## [What to work on]
Each record is to be reproduced verbatim.

── Records provided

(* A chromosome-set $\mathfrak{C}$ equals $\mathrm{CPC}(\mathfrak{G})$ for some finite non-redundant assembly graph $\mathfrak{G}$ if and only if $\mathfrak{C}$ is finitely conducting, i.e. there is $K$ such that every finite string of length at least $K$ is a conductor for $\mathfrak{C}$.
   Context: All strings are over a fixed finite alphabet $\Sigma$. A cyclic string is a bi-infinite periodic word $\mathbb{Z}\to\Sigma$, considered up to shifting indices; for a nonempty finite string $x$, $\langle x\rangle$ is the cyclic string repeating $x$ in both directions. A chromosome-set is a set of cyclic strings. A string $u$ is a proper infix of $w$ if $w=aub$ with $a,b$ nonempty. A finite string $v$ is a conductor for $\mathfrak{C}$ if for all nonempty finite strings $a,b$ such that $va$ and $vb$ both end with $v$, we have $\langle ab\rangle\in\mathfrak{C}$ if and only if $\langle a\rangle\in\mathfrak{C}$ and $\langle b\rangle\in\mathfrak{C}$. An abstract assembly graph is a finite directed multigraph in which each vertex and edge carries a label (a finite or cyclic string) such that for every edge $e$ from $u$ to $v$, $Label(u)$ is a prefix and $Label(v)$ a suffix of $Label(e)$. An edge $e$ from $u$ to $v$ is a prefix edge if $Label(e)=Label(v)$, a suffix edge if $Label(e)=Label(u)$. An assembly graph is an abstract assembly graph in which every vertex and edge lies on a directed cycle and no edge is both a prefix and a suffix edge. The label of a walk $v_0,e_1,\dots,e_n,v_n$ is $Label(e_1)$ followed, for $i\ge 2$, by $Label(e_i)$ with its first $|Label(v_{i-1})|$ characters removed; a walk with no edges has its vertex label. A circuit is a primitive closed walk up to rotation; if its walk label is $Label(v_0)x$, its label is $\langle x\rangle$. $\mathrm{CPC}(\mathfrak{G})$ is the set of circuit labels. $P$ is an inner subwalk of $Q$ if $Q=APB$ with walks $A,B$ each having at least one edge. The graph is non-redundant if whenever $Label(P)$ is a proper infix of $Label(Q)$ for walks $P,Q$, $P$ is an inner subwalk of $Q$. *)

theory Defs
  imports Main "HOL-Library.Sublist"
begin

────

## [Output for this task]
(* A chromosome-set $\mathfrak{C}$ equals $\mathrm{CPC}(\mathfrak{G})$ for some finite non-redundant assembly graph $\mathfrak{G}$ if and only if $\mathfrak{C}$ is finitely conducting, i.e. there is $K$ such that every finite string of length at least $K$ is a conductor for $\mathfrak{C}$.
   Context: All strings are over a fixed finite alphabet $\Sigma$. A cyclic string is a bi-infinite periodic word $\mathbb{Z}\to\Sigma$, considered up to shifting indices; for a nonempty finite string $x$, $\langle x\rangle$ is the cyclic string repeating $x$ in both directions. A chromosome-set is a set of cyclic strings. A string $u$ is a proper infix of $w$ if $w=aub$ with $a,b$ nonempty. A finite string $v$ is a conductor for $\mathfrak{C}$ if for all nonempty finite strings $a,b$ such that $va$ and $vb$ both end with $v$, we have $\langle ab\rangle\in\mathfrak{C}$ if and only if $\langle a\rangle\in\mathfrak{C}$ and $\langle b\rangle\in\mathfrak{C}$. An abstract assembly graph is a finite directed multigraph in which each vertex and edge carries a label (a finite or cyclic string) such that for every edge $e$ from $u$ to $v$, $Label(u)$ is a prefix and $Label(v)$ a suffix of $Label(e)$. An edge $e$ from $u$ to $v$ is a prefix edge if $Label(e)=Label(v)$, a suffix edge if $Label(e)=Label(u)$. An assembly graph is an abstract assembly graph in which every vertex and edge lies on a directed cycle and no edge is both a prefix and a suffix edge. The label of a walk $v_0,e_1,\dots,e_n,v_n$ is $Label(e_1)$ followed, for $i\ge 2$, by $Label(e_i)$ with its first $|Label(v_{i-1})|$ characters removed; a walk with no edges has its vertex label. A circuit is a primitive closed walk up to rotation; if its walk label is $Label(v_0)x$, its label is $\langle x\rangle$. $\mathrm{CPC}(\mathfrak{G})$ is the set of circuit labels. $P$ is an inner subwalk of $Q$ if $Q=APB$ with walks $A,B$ each having at least one edge. The graph is non-redundant if whenever $Label(P)$ is a proper infix of $Label(Q)$ for walks $P,Q$, $P$ is an inner subwalk of $Q$. *)

theory Defs
  imports Main "HOL-Library.Sublist"
begin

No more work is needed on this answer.